Create a chart for the number of students in the class.  I strongly suggest a group of 4 students if you are teaching solo, 6 or more students if you have a teacher assistant/co-teacher.

The Cards

Create a card for each student which has activities in the order they should happen.  Each card will have the activities in a different order. Students who work at a quicker pace will spend more time practicing!

Sample #1

The following chart was created for 4 students/4 activities plus ensemble. Each student has their own piano book for solo pieces (method book).

Card 1Card 2Card 3Card 4
Play for TeacherMusic TheoryMusic HistoryComposition
Music TheoryPlay for TeacherCompositionMusic History
Music HistoryCompositionPlay for TeacherMusic Theory
CompositionMusic History
Music TheoryPlay for Teacher

Sample #2

This next chart was created for 6 students/6 activities + practice time +iPad – Time management will be best with a teacher assistant.

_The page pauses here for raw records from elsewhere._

(* Let $G$ be an unweighted digraph of order $n$ without loops, with $b$ reciprocal pairs of edges (pairs $\{(i,j),(j,i)\}\subseteq E$), and let $0\le\tau\le1$. Then \[\det\bigl[I-t(\tau B+(1-\tau)W)\bigr]=(1-\tau^2t^2)^{\,b-n}\det M_\tau(t),\] where $M_\tau(t)=I-At+(D-\tau I)\tau t^2+(A-S)\tau^2t^3$.
   Context: $G=(V,E)$ with $V=\{1,\dots,n\}$, $m=\#E$, adjacency matrix $A$, $S=A\circ A^T$, $D=\mathrm{diag}(\mathrm{diag}(A^2))$. The line graph adjacency matrix $W\in\{0,1\}^{m\times m}$ is indexed by edges, with $W_{ef}=1$ iff the target vertex of $e$ equals the source vertex of $f$; equivalently $W=RL^T$ where $L,R\in\{0,1\}^{m\times n}$ are the source and target matrices ($L_{ej}=1$ iff $e=(j,\cdot)$, $R_{ej}=1$ iff $e=(\cdot,j)$). The Hashimoto matrix is $B=W-\Delta$, where $\Delta=W\circ W^T$ (so $\Delta_{ef}=1$ iff $f$ is the reverse edge of $e$); thus $B_{ef}=1$ iff $e=(i,j)$, $f=(j,k)$ with $k\ne i$. *)

theory Defs
  imports "Jordan_Normal_Form.Determinant"
begin

text \<open>A digraph on the vertex set {0..<n} (vertex i+1 of the paper is i here),
  with edge set E, and a fixed enumeration es of E (distinct, set es = E)
  used to index the rows/columns of edge-indexed matrices.\<close>

definition hadamard :: "real mat \<Rightarrow> real mat \<Rightarrow> real mat" where
  "hadamard X Y = mat (dim_row X) (dim_col X) (\<lambda>(i,j). X $$ (i,j) * Y $$ (i,j))"

definition adj_mat :: "nat \<Rightarrow> (nat \<times> nat) set \<Rightarrow> real mat" where
  "adj_mat n E = mat n n (\<lambda>(i,j). if (i,j) \<in> E then 1 else 0)"

definition S_mat :: "nat \<Rightarrow> (nat \<times> nat) set \<Rightarrow> real mat" where
  "S_mat n E = hadamard (adj_mat n E) (transpose_mat (adj_mat n E))"

definition D_mat :: "nat \<Rightarrow> (nat \<times> nat) set \<Rightarrow> real mat" where
  "D_mat n E = mat n n (\<lambda>(i,j). if i = j then (adj_mat n E * adj_mat n E) $$ (i,i) else 0)"

definition L_mat :: "nat \<Rightarrow> (nat \<times> nat) list \<Rightarrow> real mat" where
  "L_mat n es = mat (length es) n (\<lambda>(e,j). if fst (es ! e) = j then 1 else 0)"

definition R_mat :: "nat \<Rightarrow> (nat \<times> nat) list \<Rightarrow> real mat" where
  "R_mat n es = mat (length es) n (\<lambda>(e,j). if snd (es ! e) = j then 1 else 0)"

definition W_mat :: "nat \<Rightarrow> (nat \<times> nat) list \<Rightarrow> real mat" where
  "W_mat n es = R_mat n es * transpose_mat (L_mat n es)"

definition Delta_mat :: "nat \<Rightarrow> (nat \<times> nat) list \<Rightarrow> real mat" where
  "Delta_mat n es = hadamard (W_mat n es) (transpose_mat (W_mat n es))"
lemma G8_no_theta_graceful_labeling: "\<not> theta_graceful_labeling G8_V G8_adj f"
proof
  assume graceful: "theta_graceful_labeling G8_V G8_adj f"
  define a where "a v = int (f v)" for v
  have "card G8_V = 7"
    by (simp add: G8_V_def)
  then have bij: "bij_betw f G8_V {..<7}"
    using graceful by (simp add: theta_graceful_labeling_def)
  note G8_eval = G8_adj_iff Theta_G8_iff G8_V_def G8_code_def hamming_def
  have square_left: "a 1 + a 3 = a 2 + a 7"
    unfolding a_def by (rule theta_graceful_labeling_square[OF graceful]) (simp_all add: G8_eval)
  have square_right: "a 3 + a 5 = a 4 + a 6"
    unfolding a_def by (rule theta_graceful_labeling_square[OF graceful]) (simp_all add: G8_eval)
  have cut: "distinct [\<bar>a 3 - a 2\<bar>, \<bar>a 3 - a 7\<bar>, \<bar>a 3 - a 4\<bar>, \<bar>a 3 - a 6\<bar>]"
    unfolding a_def by (simp add: theta_graceful_labeling_distinct_labels[OF graceful] G8_eval)
  have "a ` G8_V = int ` f ` G8_V"
    by (simp add: a_def image_image)
  also have "\<dots> = int ` {0..<7}"
    using bij by (simp add: bij_betw_def lessThan_atLeast0)
  also have "\<dots> = {0..6}"
    by (simp add: image_int_atLeastLessThan) auto
  finally have labels: "{a 3, a 1, a 5, a 2, a 7, a 4, a 6} = {0..6}"
    by (simp add: G8_V_def insert_commute)
  have "inj_on a G8_V"
    using bij by (simp add: a_def bij_betw_def inj_on_def)
  moreover have "set [3, 1, 5, 2, 7, 4, 6] = G8_V"
    by (auto simp: G8_V_def)
  ultimately have "distinct (map a [3, 1, 5, 2, 7, 4, 6])"
    by (subst distinct_map) simp
  from G8_label_constraints_inconsistent[OF labels this[unfolded list.map]
      square_left square_right cut]
  show False .
qed

theorem theorem2:
  shows "partial_cube G8_V G8_adj \<and> \<not> (\<exists>f. theta_graceful_labeling G8_V G8_adj f)"
  using partial_cube_G8 G8_no_theta_graceful_labeling by blast

end
(* Let $n\geq5$ and $0\leq i\leq 2n-1$, and let $\mathcal{C}_\mu$ be a random maximal chain of $\{0,1,2\}^n$ distributed according to $\mu$. If $x\in L_i$ and $y\in L_{i+1}$ with $x<y$, then \[\mathbb{P}\left(y\in \mathcal{C}_\mu\mid x\in\mathcal{C}_\mu\right) \leq \begin{cases} \dfrac{2|L_i|}{(i+1)|L_{i+1}|} & \text{if }i\leq n-1, \\[2mm] \dfrac{2}{2n-i} & \text{otherwise.}\end{cases}\]
   Context: $\{0,1,2\}^n$ is ordered coordinatewise. $L_i$ is the set of vectors with coordinate sum $i$; $L_i^s$ those elements of $L_i$ with exactly $s$ coordinates equal to $2$; $L_i^{\geq s}=\bigcup_{r\geq s}L_i^r$, $L_i^{\leq s}=\bigcup_{r\leq s}L_i^r$. Define, for $0\le i\le 2n-1$ and $\max\{0,i-n\}\leq s\leq \lfloor (i-1)/2\rfloor$, \[w_{i,s}=\frac{|L_i||L_{i+1}^{\geq s+1}| - |L_{i+1}||L_i^{\geq s+1}|}{|L_i^s||L_i||L_{i+1}|(i-2s)},\] and for $\max\{0,i-n+1\}\leq s\leq \lfloor i/2\rfloor$, \[w_{i,s}'=\frac{|L_i||L_{i+1}^{\leq s}| - |L_{i+1}||L_i^{\leq s-1}|}{|L_i^s||L_i||L_{i+1}|(n-i+s)};\] if $i$ is even set $w_{i,i/2}=0$, and if $i\geq n$ set $w'_{i,i-n}=0$. The distribution $\mu$ is that of the set of states visited by the Markov process that starts at $(0,\dots,0)$ and, for $i=0,\dots,2n-1$, from the current element $x\in L_i^s$ moves to $y\in L_{i+1}$ with $x<y$ with probability $|L_i|w_{i,s}$ if $y\in L_{i+1}^{s+1}$ and $|L_i|w'_{i,s}$ if $y\in L_{i+1}^{s}$ (these are nonnegative and sum to $1$). *)

theory Defs
  imports Complex_Main
begin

Each student has their own piano book for solo pieces (ex. Method book)

Card 1Card 2Card 3Card 4Card 5 Card 6
PracticeiPad PlayComposePracticeCompose
ComposePracticeiPadPlay ComposeTheory


  1. Does each student only get 10 minutes to play for the teacher? It varies and depends on what the student needs assistance with.  
  2. What if I don’t have an iPad? The above table is just to show what I do with my classes.  The use of the iPad is not necessary.
  3. What resources do you use? I am positive that all piano teachers have a closet or bookcase full of resources that can be used! I will be sharing mine in an upcoming blog post.
  4. With 6 students, do they ever get a chance to play out loud or together? When it is the students’ turn to play for the teacher, it always happens at the grand piano.  That is the way I do it. There is no harm in having the student play with both teacher and student on headphones.
  5. How do the students know when move on to the next activity? Students who like to be first at everything will usually move to the next activity on their own, however most of them wait for me to call out the next move.
  6. What do you use for music theory? see answer to question #3.
  7. How much planning does this take? All piano lessons require planning! Ever since I started planning studio activities and repertoire a year in advance, weekly planning takes less time.
  8. How do you prepare students for recital, festival, competitions? Every student has their own solo repertoire they are working on towards recital or any other performance they might encounter. However, my students do not participate in any festivals or competitions outside of what happens at the studio.  
  9. What does the teacher assistant do? The teacher assistant answers any additional questions students might have regarding the pieces they are working on or any of the planned activities on their card.
  10. How do the students know what to do for each activity? I give instructions at the beginning of class.  The first few weeks they will be getting used to the routine, so be patient!

More questions?

Let me know in the comments and I will try to answer them as best I can!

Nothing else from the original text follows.